- [Input data]
(* Let $N\in\mathbb N_0$, $0<\pi_1,\dots,\pi_p<1$ pairwise distinct, $\vec n\in\mathbb N_0^p$ with $|\vec n|\le N$, and $i$ with $n_i\ge1$. The type I multiple Kravchuk polynomials are $$K^{(i)}_{\vec n}(x;\vec\pi,N)=\frac{(-1)^{n_i-1}}{(n_i-1)!(-N)_{|\vec n|-n_i}(1-\pi_i)^{n_i-1}}\prod_{q\ne i}\frac1{(\pi_q-\pi_i)^{n_q}}\sum_{\ell_1,\dots,\ell_p\ge0}\frac{(-n_i+1)_L}{(-N+|\vec n|-n_i)_L}(-x)_{\ell_i}\frac{\pi_i^{-\ell_i}}{\ell_i!}\prod_{q\ne i}\frac{(n_q)_{\ell_q}}{\ell_q!}\Big(\frac{1-\pi_q}{\pi_i-\pi_q}\Big)^{\ell_q},$$ with $L=\ell_1+\cdots+\ell_p$ (the sum is finite since $(-n_i+1)_L=0$ for $L\ge n_i$).
   Context: Kravchuk weights $w_i(x)=\binom{N}{x}\pi_i^x(1-\pi_i)^{N-x}$, $x\in\{0,\dots,N\}$. Type I polynomials $K^{(i)}_{\vec n}$: $\deg\le n_i-1$ (zero if $n_i=0$), $\sum_i\sum_{k=0}^Nk^jK^{(i)}_{\vec n}(k)w_i(k)=0$ for $0\le j\le|\vec n|-2$, $=1$ for $j=|\vec n|-1$. $(a)_m$ Pochhammer symbol. *)

theory Defs
  imports Complex_Main "HOL-Library.FuncSet" "HOL-Computational_Algebra.Polynomial"
begin

text \<open>Indices of the p weights are 0,...,p-1. |n| = sum of n over {..<p}.\<close>

definition kr_weight :: "nat \<Rightarrow> real \<Rightarrow> nat \<Rightarrow> real" where
  "kr_weight N pr x = real (N choose x) * pr ^ x * (1 - pr) ^ (N - x)"

definition abs_multi :: "nat \<Rightarrow> (nat \<Rightarrow> nat) \<Rightarrow> nat" where
  "abs_multi p n = (\<Sum>q<p. n q)"

definition is_typeI ::
  "nat \<Rightarrow> nat \<Rightarrow> (nat \<Rightarrow> real) \<Rightarrow> (nat \<Rightarrow> nat) \<Rightarrow> (nat \<Rightarrow> real poly) \<Rightarrow> bool" where
  "is_typeI p N pr n K \<longleftrightarrow>
     (\<forall>i<p. (n i = 0 \<longrightarrow> K i = 0) \<and> (1 \<le> n i \<longrightarrow> degree (K i) \<le> n i - 1)) \<and>
     (\<forall>j. j + 1 \<le> abs_multi p n \<longrightarrow>
        (\<Sum>i<p. \<Sum>k\<le>N. real k ^ j * poly (K i) (real k) * kr_weight N (pr i) k)
          = (if j + 1 = abs_multi p n then 1 else 0))"

text \<open>The explicit formula. The sum over l_1..l_p >= 0 is taken over l with each l_q < n_i;
  all omitted terms have L >= n_i and hence vanish since (-n_i+1)_L = 0.\<close>
definition kr_formula ::
  "nat \<Rightarrow> nat \<Rightarrow> (nat \<Rightarrow> real) \<Rightarrow> (nat \<Rightarrow> nat) \<Rightarrow> nat \<Rightarrow> real \<Rightarrow> real" where
  "kr_formula p N pr n i x =
     (-1) ^ (n i - 1)
     / (fact (n i - 1) * pochhammer (- real N) (abs_multi p n - n i) * (1 - pr i) ^ (n i - 1))
     * (\<Prod>q\<in>{..<p} - {i}. 1 / (pr q - pr i) ^ n q)
     * (\<Sum>l\<in>PiE {..<p} (\<lambda>_. {..<n i}).
          let L = (\<Sum>q<p. l q) in
          pochhammer (- real (n i) + 1) L
            / pochhammer (- real N + real (abs_multi p n) - real (n i)) L
          * pochhammer (- x) (l i) * (pr i) powi (- int (l i)) / fact (l i)
          * (\<Prod>q\<in>{..<p} - {i}. pochhammer (real (n q)) (l q) / fact (l q)
                * ((1 - pr q) / (pr i - pr q)) ^ l q))"

end

(* Test the type I conditions against the basis (x - N)_j instead of x^j.  Against w_i, the
   moment of (x - N)_j (-x)_t is an explicit Pochhammer product, so the moment of the explicit
   K^(i) becomes a sum over multi-indices that collapses to a coefficient of a product of
   generalised binomial series; Chu-Vandermonde evaluates what remains.  The resulting
   contributions W_i(j) satisfy W_i(j+1) = (1 - pi_k) W_i(j) + W'_i(j), where W' belongs to
   n - e_k, so their sum over i is forced by induction on |n|; when two entries of n are
   non-zero, the distinctness of the pi_q pins down the base case.  Uniqueness is again by
   induction on |n|: subtracting a multiple of the explicit solution removes the top
   coefficient of one entry and leaves a solution of the homogeneous problem for n - e_k. *)

theory Submission
  imports Defs "HOL-Computational_Algebra.Formal_Power_Series"
begin

unbundle fps_syntax

definition binomial_series :: "real \<Rightarrow> real \<Rightarrow> real fps" where
  "binomial_series a z = Abs_fps (\<lambda>t. (a gchoose t) * z ^ t)"

lemma binomial_series_nth [simp]: "binomial_series a z $ t = (a gchoose t) * z ^ t"
  by (simp add: binomial_series_def)

lemma binomial_series_add:
  "binomial_series a z * binomial_series b z = binomial_series (a + b) z"
proof (rule fps_ext)
  fix t
  have "(binomial_series a z * binomial_series b z) $ t
      = (\<Sum>k=0..t. (a gchoose k) * (b gchoose (t - k)) * z ^ t)"
    unfolding fps_mult_nth
    by (intro sum.cong refl) (simp add: power_add[symmetric] algebra_simps)
  also have "\<dots> = (a + b gchoose t) * z ^ t"
    by (simp add: sum_distrib_right[symmetric] gbinomial_Vandermonde)
  finally show "(binomial_series a z * binomial_series b z) $ t = binomial_series (a + b) z $ t"
    by simp
qed

lemma binomial_series_0 [simp]: "binomial_series 0 z = 1"
  by (rule fps_ext) (simp add: gbinomial_0_left)

lemma binomial_series_1: "binomial_series 1 z = 1 + fps_const z * fps_X"
proof (rule fps_ext)
  fix t
  have "((1::real) gchoose t) = (if t \<le> 1 then 1 else 0)"
    using binomial_gbinomial[of 1 t, where 'a=real] by (cases t) (auto simp: binomial_eq_0)
  then show "binomial_series 1 z $ t = (1 + fps_const z * fps_X) $ t"
    by (cases t) auto
qed
text \<open>Membership in the submodule M of O_{X,x}^p generated by the columns of the
  p x m matrix [M] = Mx (entry Mx i j, row i < p, column j < m).\<close>
definition inM :: "complex^'n \<Rightarrow> nat \<Rightarrow> nat \<Rightarrow> (nat \<Rightarrow> nat \<Rightarrow> complex^'n \<Rightarrow> complex)
     \<Rightarrow> (nat \<Rightarrow> complex^'n \<Rightarrow> complex) \<Rightarrow> bool" where
  "inM x p m Mx h \<longleftrightarrow> (\<exists>g. (\<forall>j<m. hol_germ x (g j)) \<and>
        (\<forall>i<p. h i = (\<lambda>z. \<Sum>j<m. g j z * Mx i j z)))"

text \<open>h_D = (h o pi_1, h o pi_2) in O^{2p}: row r < p gives h_r o pi_1,
  row p + r gives h_r o pi_2.\<close>
definition hD :: "nat \<Rightarrow> (nat \<Rightarrow> complex^'n \<Rightarrow> complex) \<Rightarrow> complex^('n + 'n) \<Rightarrow> nat \<Rightarrow> complex" where
  "hD p h w r = (if r < p then h r (pr1 w) else h (r - p) (pr2 w))"

text \<open>Membership (at (x,x)) in I_{2k}(M_D), the ideal of O_{XxX,(x,x)} generated by the
  2k x 2k minors of the generating matrix of M_D whose columns are all h_D, h in M.\<close>
definition in_I2k_MD :: "(complex^'n) set \<Rightarrow> complex^'n \<Rightarrow> nat \<Rightarrow> nat \<Rightarrow>
     (nat \<Rightarrow> nat \<Rightarrow> complex^'n \<Rightarrow> complex) \<Rightarrow> nat \<Rightarrow> (complex^('n + 'n) \<Rightarrow> complex) \<Rightarrow> bool" where
  "in_I2k_MD X x p m Mx k f \<longleftrightarrow>
     (\<exists>(N::nat) (a :: nat \<Rightarrow> complex^('n + 'n) \<Rightarrow> complex) (R :: nat \<Rightarrow> nat \<Rightarrow> nat)
        (C :: nat \<Rightarrow> nat \<Rightarrow> nat \<Rightarrow> complex^'n \<Rightarrow> complex). (\<forall>l<N. hol_germ (dg x) (a l)) \<and>
        (\<forall>l<N. kindex (2*k) (2*p) (R l)) \<and>
        (\<forall>l<N. \<forall>c<2*k. inM x p m Mx (C l c)) \<and>
        germ_eq (prodset X) (dg x) f
          (\<lambda>w. \<Sum>l<N. a l w * detk (2*k) (\<lambda>r c. hD p (C l c) w (R l r))))"

end

theory Submission
  imports Defs "Jordan_Normal_Form.Determinant"
begin

(* Write h_j for the j-th column of [M]. The element (z_t h_j)_D - z'_t (h_j)_D has first block
   (z_t - z'_t) h_j and second block 0. Taking k such columns (for t_a and J_a) followed by the k
   columns (h_{L_b})_D, and the rows I of the first block and K of the second, gives a block upper
   triangular 2k x 2k matrix whose determinant is the product in the theorem. Expanding this
   determinant by multilinearity in the columns writes it as a combination, with coefficients
   polynomial in z', of 2k-minors of M_D.
   The identity holds exactly, not only as germs on X x X. *)

no_notation Matrix.vec_index (infixl "$" 100)

lemma hol_germ_const: "hol_germ x (\<lambda>z. c)"
  unfolding hol_germ_def cholo_on_def
  by (rule exI[of _ UNIV]) (auto intro!: exI[of _ "\<lambda>_. 0"])

lemma hol_germ_component: "hol_germ x (\<lambda>z. z $ i)"
  unfolding hol_germ_def cholo_on_def
  by (rule exI[of _ UNIV])
    (auto intro!: exI[of _ "\<lambda>v. v $ i"] bounded_linear.has_derivative[OF bounded_linear_vec_nth])

lemma hol_germ_uminus:
  assumes "hol_germ x f"
  shows "hol_germ x (\<lambda>z. - f z)"
proof -
  obtain U where U: "open U" "x \<in> U" "cholo_on U f"
    using assms unfolding hol_germ_def by blast
  have "cholo_on U (\<lambda>z. - f z)"
    unfolding cholo_on_def
  proof
    fix z assume "z \<in> U"
    then obtain D where "(f has_derivative D) (at z)" "\<forall>c v. D (c *s v) = c * D v"
      using U(3) unfolding cholo_on_def by blast
    then show "\<exists>D. ((\<lambda>z. - f z) has_derivative D) (at z) \<and> (\<forall>c v. D (c *s v) = c * D v)"
      by (intro exI[of _ "\<lambda>v. - D v"]) (auto intro: has_derivative_minus)
  qed
  with U show ?thesis
    unfolding hol_germ_def by blast
qed

lemma hol_germ_mult:
  assumes "hol_germ x f" "hol_germ x g"
  shows "hol_germ x (\<lambda>z. f z * g z)"
proof -
  obtain U where U: "open U" "x \<in> U" "cholo_on U f"
    using assms(1) unfolding hol_germ_def by blast
  obtain V where V: "open V" "x \<in> V" "cholo_on V g"
    using assms(2) unfolding hol_germ_def by blast
  have "cholo_on (U \<inter> V) (\<lambda>z. f z * g z)"
    unfolding cholo_on_def
  proof
    fix z assume z: "z \<in> U \<inter> V"
    then obtain D where D: "(f has_derivative D) (at z)" "\<forall>c v. D (c *s v) = c * D v"
      using U(3) unfolding cholo_on_def by blast
    obtain E where E: "(g has_derivative E) (at z)" "\<forall>c v. E (c *s v) = c * E v"
      using V(3) z unfolding cholo_on_def by blast
    have "((\<lambda>z. f z * g z) has_derivative (\<lambda>v. f z * E v + D v * g z)) (at z)"
      using D(1) E(1) by (rule has_derivative_mult)
    moreover have "\<forall>c v. f z * E (c *s v) + D (c *s v) * g z = c * (f z * E v + D v * g z)"
      using D(2) E(2) by (simp add: algebra_simps)
    ultimately show "\<exists>D'. ((\<lambda>z. f z * g z) has_derivative D') (at z) \<and>
        (\<forall>c v. D' (c *s v) = c * D' v)"
      by blast
  qed
  with U V show ?thesis
    unfolding hol_germ_def by (meson IntI open_Int)
qed

lemma hol_germ_prod:
  "finite A \<Longrightarrow> (\<And>a. a \<in> A \<Longrightarrow> hol_germ x (f a)) \<Longrightarrow> hol_germ x (\<lambda>z. \<Prod>a\<in>A. f a z)"
  by (induction A rule: finite_induct) (simp_all add: hol_germ_const hol_germ_mult)

lemma detk_eq_det: "detk k A = det (mat k k (\<lambda>(i, j). A i j))"
  unfolding detk_def det_def'[OF mat_carrier] lessThan_atLeast0
  by (intro sum.cong refl arg_cong2[where f = "(*)"] prod.cong) (auto simp: permutes_in_image)

lemma detk_cong:
  assumes "\<And>i j. i < k \<Longrightarrow> j < k \<Longrightarrow> A i j = B i j"
  shows "detk k A = detk k B"
  unfolding detk_def
  by (intro sum.cong refl arg_cong2[where f = "(*)"] prod.cong)
    (metis assms lessThan_iff mem_Collect_eq permutes_in_image)

lemma detk_columnwise:
  "detk n A = (\<Sum>\<sigma> | \<sigma> permutes {..<n}. of_int (sign \<sigma>) * (\<Prod>j<n. A (\<sigma> j) j))"
  unfolding detk_eq_det det_col[OF mat_carrier] lessThan_atLeast0
  by (intro sum.cong refl arg_cong2[where f = "(*)"] prod.cong) (auto simp: permutes_in_image)

lemma detk_scale_columns: "detk n (\<lambda>r c. d c * A r c) = (\<Prod>c<n. d c) * detk n A"
  unfolding detk_columnwise by (simp add: sum_distrib_left prod.distrib algebra_simps)

lemma detk_sum_columns:
  assumes "finite T"
  shows "detk n (\<lambda>r c. \<Sum>b\<in>T. \<alpha> c b * Q b r c) =
    (\<Sum>s\<in>{..<n} \<rightarrow>\<^sub>E T. (\<Prod>c<n. \<alpha> c (s c)) * detk n (\<lambda>r c. Q (s c) r c))"
proof -
  have "detk n (\<lambda>r c. \<Sum>b\<in>T. \<alpha> c b * Q b r c) =
      (\<Sum>\<sigma> | \<sigma> permutes {..<n}. \<Sum>s\<in>{..<n} \<rightarrow>\<^sub>E T.
        of_int (sign \<sigma>) * ((\<Prod>c<n. \<alpha> c (s c)) * (\<Prod>j<n. Q (s j) (\<sigma> j) j)))"
    unfolding detk_columnwise
    by (intro sum.cong refl, subst prod_sum_PiE)
      (use assms in \<open>auto simp: sum_distrib_left prod.distrib\<close>)
  also have "\<dots> = (\<Sum>s\<in>{..<n} \<rightarrow>\<^sub>E T. \<Sum>\<sigma> | \<sigma> permutes {..<n}.
        of_int (sign \<sigma>) * ((\<Prod>c<n. \<alpha> c (s c)) * (\<Prod>j<n. Q (s j) (\<sigma> j) j)))"
    by (rule sum.swap)
  also have "\<dots> = (\<Sum>s\<in>{..<n} \<rightarrow>\<^sub>E T. (\<Prod>c<n. \<alpha> c (s c)) * detk n (\<lambda>r c. Q (s c) r c))"
    unfolding detk_columnwise by (simp add: sum_distrib_left algebra_simps)
  finally show ?thesis .
qed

- [Task description] Reproduce only what lies between the start of the listing above and the end of the line containing "nat) \<Rightarrow> (nat", keeping every line exact.

- [Answer for this exercise]
(* Let $N\in\mathbb N_0$, $0<\pi_1,\dots,\pi_p<1$ pairwise distinct, $\vec n\in\mathbb N_0^p$ with $|\vec n|\le N$, and $i$ with $n_i\ge1$. The type I multiple Kravchuk polynomials are $$K^{(i)}_{\vec n}(x;\vec\pi,N)=\frac{(-1)^{n_i-1}}{(n_i-1)!(-N)_{|\vec n|-n_i}(1-\pi_i)^{n_i-1}}\prod_{q\ne i}\frac1{(\pi_q-\pi_i)^{n_q}}\sum_{\ell_1,\dots,\ell_p\ge0}\frac{(-n_i+1)_L}{(-N+|\vec n|-n_i)_L}(-x)_{\ell_i}\frac{\pi_i^{-\ell_i}}{\ell_i!}\prod_{q\ne i}\frac{(n_q)_{\ell_q}}{\ell_q!}\Big(\frac{1-\pi_q}{\pi_i-\pi_q}\Big)^{\ell_q},$$ with $L=\ell_1+\cdots+\ell_p$ (the sum is finite since $(-n_i+1)_L=0$ for $L\ge n_i$).
   Context: Kravchuk weights $w_i(x)=\binom{N}{x}\pi_i^x(1-\pi_i)^{N-x}$, $x\in\{0,\dots,N\}$. Type I polynomials $K^{(i)}_{\vec n}$: $\deg\le n_i-1$ (zero if $n_i=0$), $\sum_i\sum_{k=0}^Nk^jK^{(i)}_{\vec n}(k)w_i(k)=0$ for $0\le j\le|\vec n|-2$, $=1$ for $j=|\vec n|-1$. $(a)_m$ Pochhammer symbol. *)

theory Defs
  imports Complex_Main "HOL-Library.FuncSet" "HOL-Computational_Algebra.Polynomial"
begin

text \<open>Indices of the p weights are 0,...,p-1. |n| = sum of n over {..<p}.\<close>

definition kr_weight :: "nat \<Rightarrow> real \<Rightarrow> nat \<Rightarrow> real" where
  "kr_weight N pr x = real (N choose x) * pr ^ x * (1 - pr) ^ (N - x)"

definition abs_multi :: "nat \<Rightarrow> (nat \<Rightarrow> nat) \<Rightarrow> nat" where
  "abs_multi p n = (\<Sum>q<p. n q)"

definition is_typeI ::
  "nat \<Rightarrow> nat \<Rightarrow> (nat \<Rightarrow> real) \<Rightarrow> (nat \<Rightarrow> nat) \<Rightarrow> (nat \<Rightarrow> real poly) \<Rightarrow> bool" where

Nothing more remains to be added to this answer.